You could try growing a Java Moss carpet, sandwiching the moss between 2 mesh plates.


----------



## Tenzo (Mar 10, 2010)

Some people have been growing glosso in low-tech tanks, I myself am going to try that soon, so I'll give you a heads up.


----------



## StygianSteel (Apr 2, 2010)

Hoppy said:


> A single T8/T12 bulb sitting right at the top of a 20 gallon tank doesn't give enough light to grow much of anything. Two bulbs might barely give you enough low light to grow the least demanding plants. But, I doubt a carpet plant growing with either one or two bulbs.
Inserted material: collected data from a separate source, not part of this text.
lemma layer_sum_le_next_layer:
  fixes d :: "nat set \<Rightarrow> real"
  assumes fin: "finite N"
    and mono: "\<And>T j. T \<subseteq> N \<Longrightarrow> j \<in> N - T \<Longrightarrow> d T \<le> d (insert j T)"
  shows "real (card N - k) * (\<Sum>T | T \<subseteq> N \<and> card T = k. d T)
       \<le> real (k + 1) * (\<Sum>T | T \<subseteq> N \<and> card T = k + 1. d T)"
proof -
  let ?F = "\<lambda>k. {T. T \<subseteq> N \<and> card T = k}"
  have card_compl: "card (N - T) = card N - k" if "T \<in> ?F k" for T
    using that fin by (auto simp: card_Diff_subset finite_subset)
  have "real (card N - k) * (\<Sum>T\<in>?F k. d T) = (\<Sum>T\<in>?F k. \<Sum>j\<in>N - T. d T)"
    by (simp add: sum_distrib_left card_compl)
  also have "\<dots> \<le> (\<Sum>T\<in>?F k. \<Sum>j\<in>N - T. d (insert j T))"
    by (intro sum_mono) (auto intro: mono)
  also have "\<dots> = (\<Sum>(T, j)\<in>Sigma (?F k) (\<lambda>T. N - T). d (insert j T))"
    by (simp add: sum.Sigma fin finite_subsets_card)
  also have "\<dots> = (\<Sum>(U, j)\<in>Sigma (?F (k + 1)) (\<lambda>U. U). d U)"
    by (rule sum.reindex_bij_witness[where i="\<lambda>(U, j). (U - {j}, j)" and j="\<lambda>(T, j). (insert j T, j)"])
      (use fin in \<open>auto simp: finite_subset card_insert_if card_Diff_singleton\<close>)
  also have "\<dots> = (\<Sum>U\<in>?F (k + 1). \<Sum>j\<in>U. d U)"
    by (subst sum.Sigma) (auto simp: fin finite_subsets_card finite_subset)
  also have "\<dots> = real (k + 1) * (\<Sum>T\<in>?F (k + 1). d T)"
    by (simp add: sum_distrib_left)
  finally show ?thesis .
qed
Well thanks for the negativity? It is two. Basically the 'standard' hood. I think you might be stretching it a little in terms of barely enough light for the least demanding low light plants. At least from what I've seen of some other nice low light/low tech setups. Not looking for extremely demanding plants... just a little additional planting. It is what it is... a starter setup for me trying out my first planted tank.



fischman said:


> Marsilea Minuta was what I ended up getting to work. I believe the HC would have been fine, but I think you'd be best getting it started in a tank without fish. In my tank the fish bumped it and it'd float up. Even the current sometimes would cause it to float away. I was replacing nearly half of it every other day. Marsilea Minuta on the other hand seems to work very well.
> 
> Josh


Thanks for the tip on Marsilea Minuta. Hadn't looked at or thought about that one. Might be the winner.



ZooTycoonMaster said:


> You could try growing a Java Moss carpet, sandwiching the moss between 2 mesh plates.


I thought about Java Moss as well, but I've heard Amano Shrimp will much on it and I have the feeling I might just be buying them a snack.



Tenzo said:


> Some people have been growing glosso in low-tech tanks, I myself am going to try that soon, so I'll give you a heads up.


Cool. I'd be interested to know how that gos.


----------



## StygianSteel (Apr 2, 2010)

PS would it be worth upgrading perhaps to two 20 watts? I was looking at these to up it from 30 watt (what the aqueon hood came with basically) to these - http://www.petsmart.com/product/index.jsp?productId=2753932


----------



## chad320 (Mar 7, 2010)

Any lighting upgarde would be helpful. And if you put out a golfball of two of java youre going to need ALOT of shrimp to keep it down.


----------



## StygianSteel (Apr 2, 2010)

chad320 said:


> Any lighting upgarde would be helpful. And if you put out a golfball of two of java youre going to need ALOT of shrimp to keep it down.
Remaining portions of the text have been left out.